L'Association de recherche en soins infirmiers (Arsi) a cependant publié en juillet les résultats d'une étude quantitative menée en 2021-2022 sur 75 infirmiers titulaires d'un doctorat et 72 infirmiers doctorants mais les uns comme les autres sont sans doute plus nombreux.

Monique Rothan-Tondeur, professeure associée à l'université Sorbonne Paris Nord, titulaire de la chaire Recherche Sciences Infirmières, observe une « appétence croissante » des infirmiers pour la recherche via les doctorats. Avant la création de la CNU 92, ils les ont réalisées dans d'autres disciplines : majoritairement les sciences de l'éducation (beaucoup de ces infirmiers avaient une activité de formation) mais aussi la santé publique et les sciences de la santé, comme le montre l'étude de l'ARSI.

Depuis la création de la CNU 92, « changement fondamental, fierté incroyable », selon Monique Rothan-Tondeur, ils peuvent aussi suivre un doctorat en sciences infirmières. Le laboratoire Educations et promotion de la santé de l'université Sorbonne Paris Nord reçoit plus de demandes qu'elle ne peut accompagner d'étudiants.
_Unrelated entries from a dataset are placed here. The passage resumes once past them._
definition in_rect :: "int \<times> int \<Rightarrow> rect \<Rightarrow> bool" where
  "in_rect p R \<longleftrightarrow> rx1 R \<le> fst p \<and> fst p \<le> rx2 R \<and> ry1 R \<le> snd p \<and> snd p \<le> ry2 R"

definition subrect :: "rect \<Rightarrow> rect \<Rightarrow> bool" where
  "subrect R S \<longleftrightarrow> rx1 S \<le> rx1 R \<and> rx2 R \<le> rx2 S \<and> ry1 S \<le> ry1 R \<and> ry2 R \<le> ry2 S"

definition bus_rect :: "bool \<Rightarrow> rect \<Rightarrow> bool" where
  "bus_rect h R \<longleftrightarrow> rx1 R \<le> rx2 R \<and> ry1 R \<le> ry2 R \<and> (if h then ry1 R = ry2 R else rx1 R = rx2 R)"

definition attaches :: "bool \<Rightarrow> rect \<Rightarrow> int \<times> int \<Rightarrow> bool" where
  "attaches h R p \<longleftrightarrow> (if h then rx1 R \<le> fst p \<and> fst p \<le> rx2 R else ry1 R \<le> snd p \<and> snd p \<le> ry2 R)"

definition edge_rect :: "bool \<Rightarrow> rect \<Rightarrow> int \<times> int \<Rightarrow> rect" where
  "edge_rect h R p = (if h then (fst p, fst p, min (ry1 R) (snd p), max (ry1 R) (snd p))
                      else (min (rx1 R) (fst p), max (rx1 R) (fst p), snd p, snd p))"

definition grid_layout ::
  "'b set \<Rightarrow> 'c set \<Rightarrow> ('b \<times> 'c) set \<Rightarrow> ('b \<Rightarrow> bool) \<Rightarrow> ('b \<Rightarrow> rect) \<Rightarrow> ('c \<Rightarrow> int \<times> int) \<Rightarrow> bool" where
  "grid_layout Bs Cs E h R P \<longleftrightarrow>
    (\<forall>B\<in>Bs. bus_rect (h B) (R B)) \<and>
    (\<forall>B c. (B, c) \<in> E \<longrightarrow> attaches (h B) (R B) (P c) \<and>
       (\<forall>B'\<in>Bs. B' \<noteq> B \<longrightarrow> \<not> rects_meet (edge_rect (h B) (R B) (P c)) (R B')) \<and>
       (\<forall>c'\<in>Cs. c' \<noteq> c \<longrightarrow> \<not> in_rect (P c') (edge_rect (h B) (R B) (P c)))) \<and>
    (\<forall>B\<in>Bs. \<forall>B'\<in>Bs. B \<noteq> B' \<longrightarrow> \<not> rects_meet (R B) (R B')) \<and>
    (\<forall>c\<in>Cs. \<forall>c'\<in>Cs. c \<noteq> c' \<longrightarrow> P c \<noteq> P c') \<and>
    (\<forall>B\<in>Bs. \<forall>c\<in>Cs. \<not> in_rect (P c) (R B))"
(* For every group $H$, the nullification functor $P_H$ in the category of groups is conditionally flat.
   Context: For a group homomorphism $\varphi\colon A\to B$, a group $M$ is $\varphi$-local if $\mathrm{Hom}(B,M)\to\mathrm{Hom}(A,M)$ is a bijection; the localization functor $L_\varphi$ assigns to each group $G$ a $\varphi$-local group $L_\varphi G$ with a natural homomorphism $G\to L_\varphi G$ initial among homomorphisms to $\varphi$-local groups. The nullification $P_H$ is $L_\varphi$ for $\varphi\colon H\to\{e\}$. For a functor $L$ on groups, a group extension $1\to N\to E\to Q\to 1$ is $L$-flat if $1\to LN\to LE\to LQ\to 1$ is again a short exact sequence; $L$ is conditionally flat if for every $L$-flat extension $1\to N\to E\to Q\to 1$ and every homomorphism $Q'\to Q$, the pullback extension $1\to N\to E\times_Q Q'\to Q'\to 1$ is $L$-flat. *)

theory Defs
  imports "HOL-Algebra.Algebra"
begin

text \<open>A group M is H-null (i.e. local for the map H \<rightarrow> {e}): since Hom({e},M) is a
  singleton, Hom({e},M) \<rightarrow> Hom(H,M) is a bijection iff every homomorphism H \<rightarrow> M
  is trivial.\<close>
definition H_null :: "('h,'c) monoid_scheme \<Rightarrow> ('m,'d) monoid_scheme \<Rightarrow> bool" where
  "H_null H M \<longleftrightarrow> (\<forall>f \<in> hom H M. trivial_homomorphism H M f)"

text \<open>The nullification P_H G, realised as the quotient of G by the smallest normal
  subgroup R with G/R H-null (this quotient, with the projection G \<rightarrow> G/R, is the
  initial map from G to an H-null group).\<close>
definition null_kernel :: "('h,'c) monoid_scheme \<Rightarrow> ('g,'d) monoid_scheme \<Rightarrow> 'g set" where
  "null_kernel H G = \<Inter> {K. K \<lhd> G \<and> H_null H (G Mod K)}"

definition PH :: "('h,'c) monoid_scheme \<Rightarrow> ('g,'d) monoid_scheme \<Rightarrow> 'g set monoid" where
  "PH H G = G Mod (null_kernel H G)"

definition PH_unit :: "('h,'c) monoid_scheme \<Rightarrow> ('g,'d) monoid_scheme \<Rightarrow> 'g \<Rightarrow> 'g set" where
  "PH_unit H G x = null_kernel H G #>\<^bsub>G\<^esub> x"

definition PH_map :: "('h,'c) monoid_scheme \<Rightarrow> ('a,'d) monoid_scheme \<Rightarrow> ('b,'e) monoid_scheme
    \<Rightarrow> ('a \<Rightarrow> 'b) \<Rightarrow> 'a set \<Rightarrow> 'b set" where
  "PH_map H G1 G2 f C = (f ` C) <#>\<^bsub>G2\<^esub> null_kernel H G2"

definition short_exact ::
  "('n,'a) monoid_scheme \<Rightarrow> ('e,'b) monoid_scheme \<Rightarrow> ('q,'c) monoid_scheme
     \<Rightarrow> ('n \<Rightarrow> 'e) \<Rightarrow> ('e \<Rightarrow> 'q) \<Rightarrow> bool" where
  "short_exact N E Q i p \<longleftrightarrow>
     i \<in> hom N E \<and> p \<in> hom E Q \<and> inj_on i (carrier N) \<and>
     i ` carrier N = kernel E Q p \<and> p ` carrier E = carrier Q"

definition PH_flat ::
  "('h,'d) monoid_scheme \<Rightarrow> ('n,'a) monoid_scheme \<Rightarrow> ('e,'b) monoid_scheme \<Rightarrow> ('q,'c) monoid_scheme
     \<Rightarrow> ('n \<Rightarrow> 'e) \<Rightarrow> ('e \<Rightarrow> 'q) \<Rightarrow> bool" where
  "PH_flat H N E Q i p \<longleftrightarrow>
     short_exact (PH H N) (PH H E) (PH H Q) (PH_map H N E i) (PH_map H E Q p)"

definition pullback_grp ::
  "('e,'a) monoid_scheme \<Rightarrow> ('r,'b) monoid_scheme \<Rightarrow> ('e \<Rightarrow> 'q) \<Rightarrow> ('r \<Rightarrow> 'q) \<Rightarrow> ('e \<times> 'r) monoid" where
  "pullback_grp E Q' p g =
     (E \<times>\<times> Q')\<lparr>carrier := {(x, y). x \<in> carrier E \<and> y \<in> carrier Q' \<and> p x = g y}\<rparr>"

end

theory Submission
  imports Defs
begin

text \<open>Write R G for \<^term>\<open>null_kernel H G\<close>: it is the smallest normal subgroup with H-null
  quotient, P_H G = G / R G, and every homomorphism maps R G1 into R G2. For an extension
  N \<rightarrow> E \<rightarrow> Q, P_H-flatness says exactly that i^-1(R E) = R N and R Q = p(R E).
  For the pullback E' of E along g the first condition is inherited through the projection
  to E. For the second, let S be the image of R E' in Q'. The first condition forces
  R E' = {(x, y) \<in> E'. x \<in> R E, y \<in> S}, so E'/R E' embeds into P_H E \<times> Q'/S. A homomorphism
  H \<rightarrow> Q'/S becomes trivial in P_H Q, so by the second condition for E each of its values c
  has (1, c) in the image of E' in P_H E \<times> Q'/S, which is H-null; hence the homomorphism is trivial. Thus Q'/S
  is H-null and R Q' \<subseteq> S.\<close>

lemma (in group) rcos_eq_rcos_iff:
  assumes "subgroup K G" "x \<in> carrier G" "y \<in> carrier G"
  shows "K #> x = K #> y \<longleftrightarrow> x \<otimes> inv y \<in> K"
proof
  assume "K #> x = K #> y"
  then show "x \<otimes> inv y \<in> K"
    using subgroup.rcos_module_imp[OF assms(1) is_group assms(3)] rcos_self[OF assms(2,1)] by simp
next
  assume "x \<otimes> inv y \<in> K"
  then have "x \<in> K #> y"
    using subgroup.rcos_module_rev[OF assms(1) is_group assms(3,2)] by blast
  then show "K #> x = K #> y"
    using repr_independence[OF _ assms(3,1)] by simp
qed

lemma (in group) rcos_eq_self_iff:
  assumes "subgroup K G" "x \<in> carrier G"
  shows "K #> x = K \<longleftrightarrow> x \<in> K"
  using assms coset_join1 coset_join2 by blast

lemma H_nullI:
  "(\<And>f a. f \<in> hom H M \<Longrightarrow> a \<in> carrier H \<Longrightarrow> f a = \<one>\<^bsub>M\<^esub>) \<Longrightarrow> H_null H M"
  by (simp add: H_null_def trivial_homomorphism_def)

lemma H_nullD: "H_null H M \<Longrightarrow> f \<in> hom H M \<Longrightarrow> a \<in> carrier H \<Longrightarrow> f a = \<one>\<^bsub>M\<^esub>"
  by (simp add: H_null_def trivial_homomorphism_def)

lemma H_null_mon:
  assumes "group A" "group M" "\<theta> \<in> mon A M" "H_null H M"
  shows "H_null H A"
proof (rule H_nullI)
  fix f a assume f: "f \<in> hom H A" and a: "a \<in> carrier H"
  have \<theta>: "\<theta> \<in> hom A M" "inj_on \<theta> (carrier A)"
    using assms(3) by (simp_all add: mon_def)
  have "\<theta> (f a) = \<one>\<^bsub>M\<^esub>"
    using H_nullD[OF assms(4) hom_compose[OF f \<theta>(1)] a] by simp
  also have "\<dots> = \<theta> \<one>\<^bsub>A\<^esub>"
    using \<theta>(1) assms(1,2) by (simp add: group_hom.hom_one group_hom_def group_hom_axioms_def)
  finally show "f a = \<one>\<^bsub>A\<^esub>"
    using inj_onD[OF \<theta>(2)] hom_carrier[OF f] a group.is_monoid[OF assms(1)] monoid.one_closed
    by blast
qed

lemma H_null_iso:
  assumes "group A" "group M" "A \<cong> M" "H_null H A"
  shows "H_null H M"
proof -
  obtain \<theta> where "\<theta> \<in> iso M A"
    using group.iso_sym[OF assms(1,3)] unfolding is_iso_def by blast
  then have "\<theta> \<in> mon M A"
    by (simp add: iso_iff_mon_epi)
  then show ?thesis
    by (rule H_null_mon[OF assms(2,1) _ assms(4)])
qed

lemma H_null_extension:
  assumes "group B" "group C" "\<rho> \<in> hom B C" "H_null H C"
    and "H_null H (B\<lparr>carrier := kernel B C \<rho>\<rparr>)"
  shows "H_null H B"
proof (rule H_nullI)
  fix h a assume h: "h \<in> hom H B" and a: "a \<in> carrier H"
  have "h x \<in> kernel B C \<rho>" if "x \<in> carrier H" for x
    using H_nullD[OF assms(4) hom_compose[OF h assms(3)] that] hom_in_carrier[OF h that]
    by (simp add: kernel_def)
  then have "h \<in> hom H (B\<lparr>carrier := kernel B C \<rho>\<rparr>)"
    using h by (auto simp: hom_def)
  then show "h a = \<one>\<^bsub>B\<^esub>"
    using H_nullD[OF assms(5) _ a] by simp
qed

lemma null_kernel_minimal:
  "K \<lhd> G \<Longrightarrow> H_null H (G Mod K) \<Longrightarrow> null_kernel H G \<subseteq> K"
  unfolding null_kernel_def by blast

lemma (in group) H_null_Mod_carrier: "H_null H (G Mod carrier G)"
proof (rule H_nullI)
  fix f a assume "f \<in> hom H (G Mod carrier G)" "a \<in> carrier H"
  then have "f a \<in> carrier (G Mod carrier G)"
    using hom_carrier by blast
  then obtain x where "x \<in> carrier G" "f a = carrier G #> x"
    by (auto simp: carrier_FactGroup)
  then show "f a = \<one>\<^bsub>G Mod carrier G\<^esub>"
    using coset_join2[OF _ subgroup_self] by simp
qed

lemma (in group) normal_null_kernel: "null_kernel H G \<lhd> G"
proof -
  let ?F = "{K. K \<lhd> G \<and> H_null H (G Mod K)}"
  have "carrier G \<in> ?F"
    using H_null_Mod_carrier normal_inv_iff subgroup_self by auto
  then have "subgroup (\<Inter>?F) G"
    by (intro subgroups_Inter) (auto dest: normal_imp_subgroup)
  then show ?thesis
    unfolding null_kernel_def normal_inv_iff by (auto simp: normal_inv_iff)
qed

lemma (in group) subgroup_null_kernel: "subgroup (null_kernel H G) G"
  by (rule normal_imp_subgroup[OF normal_null_kernel])

lemma (in group) H_null_Mod_null_kernel: "H_null H (G Mod null_kernel H G)"
proof (rule H_nullI)
  let ?R = "null_kernel H G"
  fix f a assume f: "f \<in> hom H (G Mod ?R)" and a: "a \<in> carrier H"
  then have "f a \<in> carrier (G Mod ?R)"
    using hom_carrier by blast
  then obtain x where x: "x \<in> carrier G" "f a = ?R #> x"
    by (auto simp: carrier_FactGroup)
  have "x \<in> K" if K: "K \<lhd> G" "H_null H (G Mod K)" for K
  proof -
    interpret K: normal K G by (fact K(1))
    interpret q: group_hom G "G Mod K" "\<lambda>y. K #> y"
      by (simp add: group_hom_def group_hom_axioms_def K.factorgroup_is_group
          K.r_coset_hom_Mod is_group)
    have "?R \<subseteq> kernel G (G Mod K) (\<lambda>y. K #> y)"
      using null_kernel_minimal[OF K] K.subset rcos_eq_self_iff[OF K.subgroup_axioms]
      unfolding kernel_def by auto
    then obtain \<rho> where \<rho>: "\<rho> \<in> hom (G Mod ?R) (G Mod K)"
      "\<And>y. y \<in> carrier G \<Longrightarrow> \<rho> (?R #> y) = K #> y"
      using q.FactGroup_universal_kernel[OF normal_null_kernel] by blast
    have "K #> x = K"
      using H_nullD[OF K(2) Group.hom_compose[OF f \<rho>(1)] a] \<rho>(2)[OF x(1)] x(2) by simp
    then show "x \<in> K" using rcos_eq_self_iff[OF K.subgroup_axioms x(1)] by simp
  qed
  then have "x \<in> ?R" unfolding null_kernel_def by blast
  then show "f a = \<one>\<^bsub>G Mod ?R\<^esub>"
    using x rcos_eq_self_iff[OF subgroup_null_kernel[of H]] by simp
qed

lemma null_kernel_subset_kernel:
  assumes "group G" "group M" "\<psi> \<in> hom G M" "H_null H M"
  shows "null_kernel H G \<subseteq> kernel G M \<psi>"
proof -
  interpret group_hom G M \<psi>
    using assms by (simp add: group_hom_def group_hom_axioms_def)
  have "H_null H (G Mod kernel G M \<psi>)"
    using H_null_mon[OF normal.factorgroup_is_group[OF normal_kernel] assms(2) _ assms(4)]
      FactGroup_hom FactGroup_inj_on
    by (simp add: mon_def)
  then show ?thesis
    using null_kernel_minimal normal_kernel by blast
qed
Selon Aurore Margat, directrice adjointe de ce laboratoire et directrice de la toute récente École universitaire de recherche en sciences infirmières en promotion de la santé (EUR SiePS) de l'université Sorbonne Paris Nord, les premières thèses en sciences infirmières portaient surtout sur la définition de ces sciences mais désormais, « elles s'ancrent dans les sciences infirmières mais viennent répondre à des problématiques de santé de façon générale ».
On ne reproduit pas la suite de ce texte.